▶ _Exercise objective_: Which lines of the listing below contain the word "subseteq"? Copy each of them.

┌─ Records for this exercise

(* For every integer $N\ge 0$, let $T_{1\times 4}(6,N)$ be the number of tilings of a $6\times n$ rectangle, $n=2N/3$, by $N$ tiles of size $1\times 4$ (and $0$ if $2N/3\notin\mathbb{Z}$). Then, as formal power series, \[ \sum_{N\ge 0} T_{1\times 4}(6,N)\,z^N=\frac{(1-z^6)^3}{1-7z^6+6z^{12}-4z^{18}+z^{24}}. \]
   Context: A tiling of an $m\times n$ rectangle (width $m$, length $n$, made of $mn$ unit squares) by $a\times b$ tiles is a partition of the rectangle into non-overlapping axis-parallel $a\times b$ rectangles with integer corner coordinates, each placed in either of its two orientations. Tilings related by reflections or rotations of the rectangle are counted as distinct. The empty tiling counts once for $N=0$. *)

theory Defs
  imports Main "HOL-Computational_Algebra.Formal_Power_Series"
begin

text \<open>Cells are unit squares indexed by their lower-left corner (i,j) with
  i < m (width direction) and j < n (length direction).\<close>

definition rect_cells :: "nat \<Rightarrow> nat \<Rightarrow> nat \<Rightarrow> nat \<Rightarrow> (nat \<times> nat) set" where
  "rect_cells x y w h = {x..<x+w} \<times> {y..<y+h}"

definition is_tile :: "nat \<Rightarrow> nat \<Rightarrow> (nat \<times> nat) set \<Rightarrow> bool" where
  "is_tile a b P \<longleftrightarrow> (\<exists>x y. P = rect_cells x y a b \<or> P = rect_cells x y b a)"

definition is_tiling :: "nat \<Rightarrow> nat \<Rightarrow> nat \<Rightarrow> nat \<Rightarrow> (nat \<times> nat) set set \<Rightarrow> bool" where
  "is_tiling a b m n T \<longleftrightarrow>
     finite T \<and> (\<forall>P\<in>T. is_tile a b P) \<and>
     (\<forall>P\<in>T. \<forall>Q\<in>T. P \<noteq> Q \<longrightarrow> P \<inter> Q = {}) \<and>
     \<Union>T = {0..<m} \<times> {0..<n}"

definition tiling_count :: "nat \<Rightarrow> nat \<Rightarrow> nat \<Rightarrow> nat \<Rightarrow> nat \<Rightarrow> nat" where
  "tiling_count a b m n N = card {T. is_tiling a b m n T \<and> card T = N}"

definition T_1x4_6 :: "nat \<Rightarrow> nat" where
  "T_1x4_6 N = (if 3 dvd (2 * N) then tiling_count 1 4 6 (2 * N div 3) N else 0)"

end

theory Submission
  imports Defs
begin

text \<open>
  A tiling of the region above a profile (row \<open>i\<close> already filled up to length \<open>h ! i\<close>) can be
  built greedily: the first free cell, in column-then-row order, must be the lower-left corner of
  a tile, so there are at most two choices, and what is left is again the region above a profile.
  Counted this way, the tilings no longer depend on the length of the rectangle once the area is
  fixed. For width 6 and \<open>1 \<times> 4\<close> tiles only 60 profiles occur up to translation along the
  length. Counting completions with up to 24 tiles from each of them verifies the linear
  recurrence with characteristic polynomial \<open>1 - 7z\<^sup>6 + 6z\<^sup>1\<^sup>2 - 4z\<^sup>1\<^sup>8 + z\<^sup>2\<^sup>4\<close> at every
  profile, and linearity of the transfer system propagates it to all \<open>N\<close>; the initial values
  give the numerator \<open>(1 - z\<^sup>6)\<^sup>3\<close>.
\<close>

unbundle fps_syntax

section \<open>Tilings of finite regions\<close>

definition tilings :: "nat \<Rightarrow> nat \<Rightarrow> (nat \<times> nat) set \<Rightarrow> nat \<Rightarrow> (nat \<times> nat) set set set" where
  "tilings a b R k = {T. finite T \<and> (\<forall>P\<in>T. is_tile a b P) \<and>
     (\<forall>P\<in>T. \<forall>Q\<in>T. P \<noteq> Q \<longrightarrow> P \<inter> Q = {}) \<and> \<Union>T = R \<and> card T = k}"

lemma tiling_count_eq_card_tilings:
  "tiling_count a b m n k = card (tilings a b ({0..<m} \<times> {0..<n}) k)"
  unfolding tiling_count_def is_tiling_def tilings_def by (simp add: conj_assoc)

lemma finite_tilings: "finite R \<Longrightarrow> finite (tilings a b R k)"
  by (rule finite_subset[of _ "Pow (Pow R)"]) (auto simp: tilings_def)

lemma tilings_0: "tilings a b R 0 = (if R = {} then {{}} else {})"
  by (auto simp: tilings_def)

lemma corner_in_rect_cells: "0 < w \<Longrightarrow> 0 < l \<Longrightarrow> (x, y) \<in> rect_cells x y w l"
  by (simp add: rect_cells_def)

lemma rect_cells_inject:
  assumes "0 < w" "0 < l" "0 < w'" "0 < l'"
  shows "rect_cells x y w l = rect_cells x y w' l' \<longleftrightarrow> w = w' \<and> l = l'"
  using assms by (auto simp: rect_cells_def times_eq_iff atLeastLessThan_eq_iff)

lemma is_tile_nonempty: "is_tile a b P \<Longrightarrow> 0 < a \<Longrightarrow> 0 < b \<Longrightarrow> P \<noteq> {}"
  unfolding is_tile_def using corner_in_rect_cells by blast

lemma card_tilings_containing:
  assumes ab: "0 < a" "0 < b" and t: "is_tile a b t" "t \<subseteq> R"
  shows "card {T \<in> tilings a b R (Suc k). t \<in> T} = card (tilings a b (R - t) k)"
proof -
  have t_notin: "t \<notin> T'" if "T' \<in> tilings a b (R - t) k" for T'
    using that is_tile_nonempty[OF t(1) ab] by (auto simp: tilings_def)
  have "{T \<in> tilings a b R (Suc k). t \<in> T} = insert t ` tilings a b (R - t) k"
  proof (intro set_eqI iffI)
    fix T assume "T \<in> {T \<in> tilings a b R (Suc k). t \<in> T}"
    then have T: "finite T" "\<forall>P\<in>T. is_tile a b P" "\<forall>P\<in>T. \<forall>Q\<in>T. P \<noteq> Q \<longrightarrow> P \<inter> Q = {}"
      "\<Union>T = R" "card T = Suc k" "t \<in> T"
      unfolding tilings_def by auto
    then have "\<Union>(T - {t}) = R - t" by blast
    with T have "T - {t} \<in> tilings a b (R - t) k" unfolding tilings_def by auto
    moreover have "T = insert t (T - {t})" using T(6) by blast
    ultimately show "T \<in> insert t ` tilings a b (R - t) k" by blast
  next
    fix T assume "T \<in> insert t ` tilings a b (R - t) k"
    then obtain T' where T': "T = insert t T'" "T' \<in> tilings a b (R - t) k" by blast
    then have T': "T = insert t T'" "finite T'" "\<forall>P\<in>T'. is_tile a b P"
      "\<forall>P\<in>T'. \<forall>Q\<in>T'. P \<noteq> Q \<longrightarrow> P \<inter> Q = {}" "\<Union>T' = R - t" "card T' = k" "t \<notin> T'"
      using t_notin unfolding tilings_def by auto
    have "\<forall>P\<in>T. \<forall>Q\<in>T. P \<noteq> Q \<longrightarrow> P \<inter> Q = {}" using T'(1,4,5) by blast
    moreover have "\<Union>T = R" using T'(1,5) t(2) by blast
    ultimately show "T \<in> {T \<in> tilings a b R (Suc k). t \<in> T}"
      using T' t(1) unfolding tilings_def by simp
  qed
  moreover have "inj_on (insert t) (tilings a b (R - t) k)"
    using t_notin by (auto intro!: inj_onI simp: insert_ident)
  ultimately show ?thesis by (simp add: card_image)
qed

lemma tile_at_first_cell:
  assumes T: "T \<in> tilings a b R k" and ic: "(i, c) \<in> R"
    and first: "\<And>i' j. (i', j) \<in> R \<Longrightarrow> c < j \<or> (c = j \<and> i \<le> i')"
  shows "\<exists>(w, l)\<in>{(a, b), (b, a)}. rect_cells i c w l \<in> T"
proof -
  obtain P where P: "P \<in> T" "(i, c) \<in> P" using T ic unfolding tilings_def by auto
  have "P \<subseteq> R" "is_tile a b P" using T P(1) unfolding tilings_def by auto
  then obtain x y w l where wl: "(w, l) \<in> {(a, b), (b, a)}" and Pxy: "P = rect_cells x y w l"
    unfolding is_tile_def by blast
  with P(2) \<open>P \<subseteq> R\<close> have "(x, y) \<in> R" "x \<le> i" "y \<le> c"
    by (auto simp: rect_cells_def)
  with first have "x = i \<and> y = c" by fastforce
  with P(1) Pxy wl show ?thesis by blast
qed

└─

▶ _Exercise response_:
  assumes ab: "0 < a" "0 < b" and t: "is_tile a b t" "t \<subseteq> R"
  have "P \<subseteq> R" "is_tile a b P" using T P(1) unfolding tilings_def by auto
  with P(2) \<open>P \<subseteq> R\<close> have "(x, y) \<in> R" "x \<le> i" "y \<le> c"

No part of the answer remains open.